In the summer of 1922 at the age of 16 Stephen began attending the Slade School of Art. The Slade introduced him to another young student who would become one of his best friends - Rex Whistler. 

 

“To Stephen, Whistler appeared ‘plump, thickset, very boyish… with a manner both impulsive and diffident.’ Rex’s own initial impression of Stephen was that of a ‘slender figure, extraordinary beauty, like a more delicate Shelley’; and it was his poetry that established the bond between them. Over sandwiches in the Quad, Stephen read aloud from Walter de la Mare, while Rex ‘made pictures of “Peacock Pie” and of “Henry Brocken”, and the book we loved best of all was 'The Secret Garden’ (Rex depicted Stephen as the sickly hero of the book). Edgar Allan Poe’s verses were read aloud, ‘“Ulalume” and “Annabel Lee” - we often recited “The Raven”,’ recalled Stephen.”

 

“The boys shared a love of legends and mythology, and found a ‘strong reciprocal bond in the passionate vividness of our imaginations’. They also loved American cars and Hollywood movies, westerns being particularly favoured. They hummed American pop songs of the day, and mooned over white-faced heroines of the silver screen.

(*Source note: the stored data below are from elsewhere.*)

lemma mix_vertices_iff: "A \<in> mix_vertices E I1 I2 \<longleftrightarrow> A \<subseteq> E \<and> rank I1 A \<noteq> rank I2 A"
  by (simp add: mix_vertices_def)

lemma sym_mix_edges: "sym (mix_edges E I1 I2)"
  unfolding mix_edges_def sym_def by (auto simp: Int_commute Un_commute)

lemma mix_edges_rtrancl_if_comparable:
  assumes "A \<in> mix_vertices E I1 I2" "B \<in> mix_vertices E I1 I2" "A \<subseteq> B \<or> B \<subseteq> A"
  shows "(A, B) \<in> (mix_edges E I1 I2)\<^sup>*"
proof (cases "A = B")
  case False
  then have "(A, B) \<in> mix_edges E I1 I2"
    using assms unfolding mix_edges_def by auto
  then show ?thesis
    by blast
qed simp

lemma card_quotient_rtrancl_le_2:
  assumes "sym R" "\<forall>x\<in>V. (x, a) \<in> R\<^sup>* \<or> (x, b) \<in> R\<^sup>*"
  shows "card (V // R\<^sup>*) \<le> 2"
proof -
  have "equiv UNIV (R\<^sup>*)"
    using assms(1) by (intro equivI) (simp_all add: refl_rtrancl sym_rtrancl trans_rtrancl)
  then have "V // R\<^sup>* \<subseteq> {R\<^sup>* `` {a}, R\<^sup>* `` {b}}"
    using assms(2) equiv_class_eq unfolding quotient_def by fastforce
  then have "card (V // R\<^sup>*) \<le> card {R\<^sup>* `` {a}, R\<^sup>* `` {b}}"
    by (intro card_mono) auto
  also have "\<dots> \<le> 2"
    by (simp add: card_insert_if)
  finally show ?thesis .
qed

locale two_matroids = M1: indep_matroid E I1 + M2: indep_matroid E I2
  for E :: "'a set" and I1 I2 :: "'a set \<Rightarrow> bool"
begin

abbreviation "V \<equiv> mix_vertices E I1 I2"
abbreviation "R \<equiv> mix_edges E I1 I2"

lemma vertex_subset_ground: "A \<in> V \<Longrightarrow> A \<subseteq> E"
  by (simp add: mix_vertices_iff)

lemma insert_nonvertex_ranks:
  assumes "A \<in> V" "insert p A \<subseteq> E" "insert p A \<notin> V"
  shows "rank I2 A = rank I1 A + 1 \<and> rank I1 (insert p A) = rank I1 A + 1 \<and> rank I2 (insert p A) = rank I2 A
    \<or> rank I1 A = rank I2 A + 1 \<and> rank I1 (insert p A) = rank I1 A \<and> rank I2 (insert p A) = rank I2 A + 1"
  using assms M1.rank_mono[OF subset_insertI, of A p] M2.rank_mono[OF subset_insertI, of A p]
    M1.rank_insert_le[of p A] M2.rank_insert_le[of p A]
  by (auto simp: mix_vertices_iff)

lemma remove_nonvertex_ranks:
  assumes "A \<in> V" "A - {q} \<notin> V"
  shows "rank I2 A = rank I1 A + 1 \<and> rank I1 (A - {q}) = rank I1 A \<and> rank I2 (A - {q}) + 1 = rank I2 A
    \<or> rank I1 A = rank I2 A + 1 \<and> rank I1 (A - {q}) + 1 = rank I1 A \<and> rank I2 (A - {q}) = rank I2 A"
  using assms M1.rank_remove_bounds[of A q] M2.rank_remove_bounds[of A q]
  by (auto simp: mix_vertices_iff)

end

locale mixing_split = two_matroids +
  fixes P Q :: "'a set"
  assumes partition: "P \<inter> Q = {}" "P \<union> Q = E"
    and rank2_split: "X \<subseteq> E \<Longrightarrow> rank I2 X = rank I2 (X \<inter> P) + rank I2 (X \<inter> Q)"
    and rank_ground_eq: "rank I1 E = rank I2 E"
begin

lemma rank2_exchange:
  assumes "X \<subseteq> E" "p \<in> P - X" "q \<in> X \<inter> Q"
  shows "rank I2 (insert p (X - {q})) + rank I2 X = rank I2 (insert p X) + rank I2 (X - {q})"
proof -
  have "insert p (X - {q}) \<inter> P = insert p X \<inter> P" "(X - {q}) \<inter> P = X \<inter> P"
    "insert p (X - {q}) \<inter> Q = (X - {q}) \<inter> Q" "insert p X \<inter> Q = X \<inter> Q"
    using assms partition by auto
  moreover have "insert p (X - {q}) \<subseteq> E" "insert p X \<subseteq> E" "X - {q} \<subseteq> E"
    using assms partition by auto
  ultimately show ?thesis
    using rank2_split assms(1) by simp
qed

lemma exchange_adjacent_vertex:
  assumes A: "A \<in> V" and p: "p \<in> P - A" "insert p A \<notin> V" and q: "q \<in> A \<inter> Q" "A - {q} \<notin> V"
    and less: "rank I2 A = rank I1 A + 1"
  shows "insert p (A - {q}) \<in> V \<and> (A, insert p (A - {q})) \<in> R"
proof -
  let ?B = "insert p (A - {q})"
  have AE: "A \<subseteq> E"
    using A by (rule vertex_subset_ground)
  have "insert p A \<subseteq> E"
    using AE p(1) partition by auto
  then have grow: "rank I1 (insert p A) = rank I1 A + 1" "rank I2 (insert p A) = rank I2 A"
    using insert_nonvertex_ranks[OF A _ p(2)] less by auto
  have shrink: "rank I1 (A - {q}) = rank I1 A" "rank I2 (A - {q}) + 1 = rank I2 A"
    using remove_nonvertex_ranks[OF A q(2)] less by auto
  have "?B \<union> A = insert p A" "?B \<inter> A = A - {q}"
    using p(1) q(1) by auto
  then have "rank I1 A + 1 \<le> rank I1 ?B"
    using M1.rank_submodular[of ?B A] grow shrink by simp
  moreover have "rank I2 ?B + 1 = rank I2 A"
    using rank2_exchange[OF AE p(1) q(1)] grow shrink by simp
  moreover have "?B \<subseteq> E"
    using AE p(1) partition by auto
  ultimately have "?B \<in> V"
    using less by (simp add: mix_vertices_iff)
  moreover have "A \<inter> ?B = A - {q}" "A \<union> ?B = insert p A" "(A - ?B) \<union> (?B - A) = {q, p}"
    using p(1) q(1) by auto
  moreover have "p \<noteq> q"
    using p(1) q(1) partition by auto
  ultimately show ?thesis
    using A p(2) q(2) unfolding mix_edges_def by auto
qed

lemma coloop_case_ranks:
  assumes A: "A \<in> V" and p0: "p0 \<in> P - A" and q0: "q0 \<in> A \<inter> Q"
    and grow: "\<forall>p\<in>P - A. insert p A \<notin> V" and shrink: "\<forall>q\<in>A \<inter> Q. A - {q} \<notin> V"
    and greater: "rank I1 A = rank I2 A + 1"
  shows "rank I1 (A \<union> Q) = rank I1 E" "rank I1 (A \<inter> Q) = card (A \<inter> Q)"
    and "rank I2 (A \<inter> Q) < card (A \<inter> Q)" "rank I2 (A \<inter> P) < rank I2 P"
proof -
  have AE: "A \<subseteq> E"
    using A by (rule vertex_subset_ground)
  have finite_sub: "finite X" if "X \<subseteq> E" for X
    using that M1.finite_ground finite_subset by blast
  have grown: "rank I1 (insert p A) = rank I1 A" "rank I2 (insert p A) = rank I2 A + 1"
    if "p \<in> P - A" for p
    using insert_nonvertex_ranks[OF A _ grow[rule_format, OF that]] that AE partition greater by auto
  have shrunk: "rank I1 (A - {q}) + 1 = rank I1 A" "rank I2 (A - {q}) = rank I2 A"
    if "q \<in> A \<inter> Q" for q
    using remove_nonvertex_ranks[OF A shrink[rule_format, OF that]] greater by auto
  have "(A \<union> Q) \<union> (P - A) = E"
    using AE partition by auto
  then show "rank I1 (A \<union> Q) = rank I1 E"
    using M1.rank_union_eq_if_spanned[of "P - A" A "A \<union> Q"] grown finite_sub partition by auto
  show "rank I1 (A \<inter> Q) = card (A \<inter> Q)"
    using M1.rank_coloops[of "A \<inter> Q" A] shrunk finite_sub AE by auto
  have "(A - {q0}) \<inter> P = A \<inter> P" "(A - {q0}) \<inter> Q = A \<inter> Q - {q0}" "A - {q0} \<subseteq> E"
    using q0 AE partition by auto
  then have "rank I2 (A \<inter> Q - {q0}) = rank I2 (A \<inter> Q)"
    using rank2_split[of "A - {q0}"] rank2_split[OF AE] shrunk(2)[OF q0] by simp
  moreover have "rank I2 (A \<inter> Q - {q0}) < card (A \<inter> Q)"
    using M2.rank_le_card[of "A \<inter> Q - {q0}"] finite_sub AE q0 card_Diff1_less[of "A \<inter> Q" q0] by auto
  ultimately show "rank I2 (A \<inter> Q) < card (A \<inter> Q)"
    by simp
  have "insert p0 A \<inter> P = insert p0 (A \<inter> P)" "insert p0 A \<inter> Q = A \<inter> Q" "insert p0 A \<subseteq> E"
    using p0 AE partition by auto
  then have "rank I2 (insert p0 (A \<inter> P)) = rank I2 (A \<inter> P) + 1"
    using rank2_split[of "insert p0 A"] rank2_split[OF AE] grown(2)[OF p0] by simp
  moreover have "rank I2 (insert p0 (A \<inter> P)) \<le> rank I2 P"
    using p0 by (intro M2.rank_mono) auto
  ultimately show "rank I2 (A \<inter> P) < rank I2 P"
    by simp
qed

lemma coloop_case_reaches_Q:
  assumes A: "A \<in> V" and p0: "p0 \<in> P - A" and q0: "q0 \<in> A \<inter> Q"
    and grow: "\<forall>p\<in>P - A. insert p A \<notin> V" and shrink: "\<forall>q\<in>A \<inter> Q. A - {q} \<notin> V"
    and greater: "rank I1 A = rank I2 A + 1"
  shows "(A, Q) \<in> R\<^sup>*"
proof -
  note ranks = coloop_case_ranks[OF assms]
  have AE: "A \<subseteq> E"
    using A by (rule vertex_subset_ground)
  have "rank I1 (A \<union> Q) + rank I1 (A \<inter> Q) \<le> rank I1 A + rank I1 Q"
    by (rule M1.rank_submodular)
  moreover have "E \<inter> P = P" "E \<inter> Q = Q"
    using partition by auto
  then have "rank I2 E = rank I2 P + rank I2 Q"
    using rank2_split[of E] by simp
  moreover have "rank I2 A = rank I2 (A \<inter> P) + rank I2 (A \<inter> Q)"
    using rank2_split[OF AE] .
  ultimately have "rank I2 Q < rank I1 Q"
    using ranks rank_ground_eq greater by linarith
  then have "Q \<in> V"
    using partition by (auto simp: mix_vertices_iff)
  moreover have "A \<inter> Q \<in> V"
    using ranks AE by (auto simp: mix_vertices_iff)
  ultimately have "(A, A \<inter> Q) \<in> R\<^sup>*" "(A \<inter> Q, Q) \<in> R\<^sup>*"
    using A mix_edges_rtrancl_if_comparable by blast+
  then show ?thesis
    by (rule rtrancl_trans)
qed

When signing in for the morning, Stephen would write alongside Rex’s name comments such as ‘Disgracefully late’, ‘Report on arrival’ or ‘Unnecessarily early’.”

 

“Stephen and Rex undertook expeditions together, to the Department of Egyptology at the British Museum, or on boat trips down the Thames, to the Pool of London, in ‘romantic moonlight… dressed as bargees’. There were wild parties with friends in Hampstead, afterwards walking on the Heath ‘for miles in the dawn, singing - all arm in arm - in the summer dawn.’ For the two young boys, it was their ‘Kingdom by the Sea’ - a line from Poe’s “Annabel Lee” that they would use on the backs of envelopes in letters to each other:

 

I was a child and she was a child

In this Kingdom by the sea:

But we loved with a love that was more than love-

I and my Annabel Lee…

Rex wrote out the poem and decorated it in his Anthology of Mine. The illustrations in this little compilation of favourite poems, with their decadent ladies and ghostly figures, showed how closely entwined were the friends’ creative imaginations (Stephen’s own face can be discerned as another dead lover, in Tennyson’s ‘Tears, Idle Tears’, lying white and seraphic at the foot of one of the pages).” 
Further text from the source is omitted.